Ancient and Unique Marine Organisms Face Threats in BC Waters

by Karen Blinkhorn

The Hectate Sponge reefs live at depths of up to 250 metres and are amoung the largest biotic structures on earth.  Photo: NRCANBC’s waters are home to a multitude of little known deep-sea corals and sponges. Corals are large colonies of tiny animals that can create structures more than three metres tall. Sponges are the simplest multicellular animals on Earth. These persevering animals have thrived for millennia attached to BC’s dark, cold ocean floor.

Unlike tropical sponges and coral reefs, coldwater corals and sponges do not rely on photosynthetic algae and are able to live deep in the ocean and in northern waters. They can live for hundreds or even thousands of years. They provide homes, shelter and nursing grounds for a diverse array of sea life including rockfish, crabs and shrimp.

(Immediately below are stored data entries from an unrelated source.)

(* Let $(P,h)$ be a minimal floor plan. Then $B(P,h)\subseteq P$. In particular, if $(P,Q,h)$ is a minimal compatible floor plan, then $B(P,h)\subseteq P$ and $B(Q,h)\subseteq Q$.
   Context: A floor plan is a pair $(P,h)$ of sequences $P=(p_1,\dots,p_r)$, $p_i\in\mathbb{N}^2$, and $h=(h_1,\dots,h_r)$, $h_i$ positive integers; a compatible floor plan is a triple $(P,Q,h)$ with $(P,h),(Q,h)$ floor plans. "$q\in P$" means $q=p_i$ for some $i$. A North-East path is a sequence $(q_1,\dots,q_m)$ in $\mathbb{N}^2$ with $q_{j+1}-q_j\in\{(1,0),(0,1)\}$, originating at $q_1$; its score w.r.t. $(P,h)$ is $\sum_{i:\,p_i\in\{q_1,\dots,q_m\}}h_i$, and $\max\mathrm{score}_{(P,h)}(q)$ is the maximal score of a path originating at $q$. Let $\lambda_{(P,h)}=\{(x,y,z)\in\mathbb{N}^3: z<\max\mathrm{score}_{(P,h)}(x,y)\}$. For floor plans with the same $h$: $(P',h)\le(P,h)$ iff $\lambda_{(P',h)}\subseteq\lambda_{(P,h)}$. For compatible floor plans with the same $h$: $(P',Q',h)\le(P,Q,h)$ iff $\lambda_{(P',h)}\subseteq\lambda_{(P,h)}$, $\lambda_{(Q',h)}\subseteq\lambda_{(Q,h)}$, and $|\lambda_{(P',h)}\cap\lambda_{(Q',h)}|\le|\lambda_{(P,h)}\cap\lambda_{(Q,h)}|$. A (compatible) floor plan is minimal if it is minimal for these relations, i.e. there is no other one with the same $h$ that is $\le$ it but not $\ge$ it. The support is $\mathrm{supp}(P,h)=\{q\in\mathbb{N}^2:\max\mathrm{score}_{(P,h)}(q)>0\}$, and the border $B(P,h)$ is the set of $q\in\mathrm{supp}(P,h)$ such that $q+(1,0)\notin\mathrm{supp}(P,h)$ or $q+(0,1)\notin\mathrm{supp}(P,h)$. *)

theory Defs
  imports Main
begin

type_synonym pt = "nat \<times> nat"

definition floor_plan :: "pt list \<Rightarrow> nat list \<Rightarrow> bool" where
  "floor_plan P h \<longleftrightarrow> length P = length h \<and> (\<forall>i<length h. 0 < h ! i)"

definition compatible_floor_plan :: "pt list \<Rightarrow> pt list \<Rightarrow> nat list \<Rightarrow> bool" where
  "compatible_floor_plan P Q h \<longleftrightarrow> floor_plan P h \<and> floor_plan Q h"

BC’s 9,000-year-old glass sponge reefs were discovered in Hecate Strait in 1989. Before then, glass sponge reefs were thought to be extinct and were known only through the fossil record. Smaller sponge reefs have recently been discovered off the Sunshine Coast and in the Strait of Georgia, including one located off Galiano Island.

Although the four sponge fields in Hecate Strait are the only known living examples of glass sponge reefs on Earth, they still do not have permanent protection. Half the sponges have been destroyed by bottom trawling and those sections of the reefs may never regenerate. Since 2002, the federal government has closed the reefs to trawling, but these closures do not provide permanent, legislated protection.

Coldwater Corals live deep in the ocean and can be thousands of years old.  Photo: NRCANBenthic organisms like corals and sponges have been heavily damaged by human activities in BC and around the world. A 2004 United Nations Environment Program (UNEP) report warned, “Many of the most spectacular examples [of coldwater corals] discovered so far could be gone in less than a generation.”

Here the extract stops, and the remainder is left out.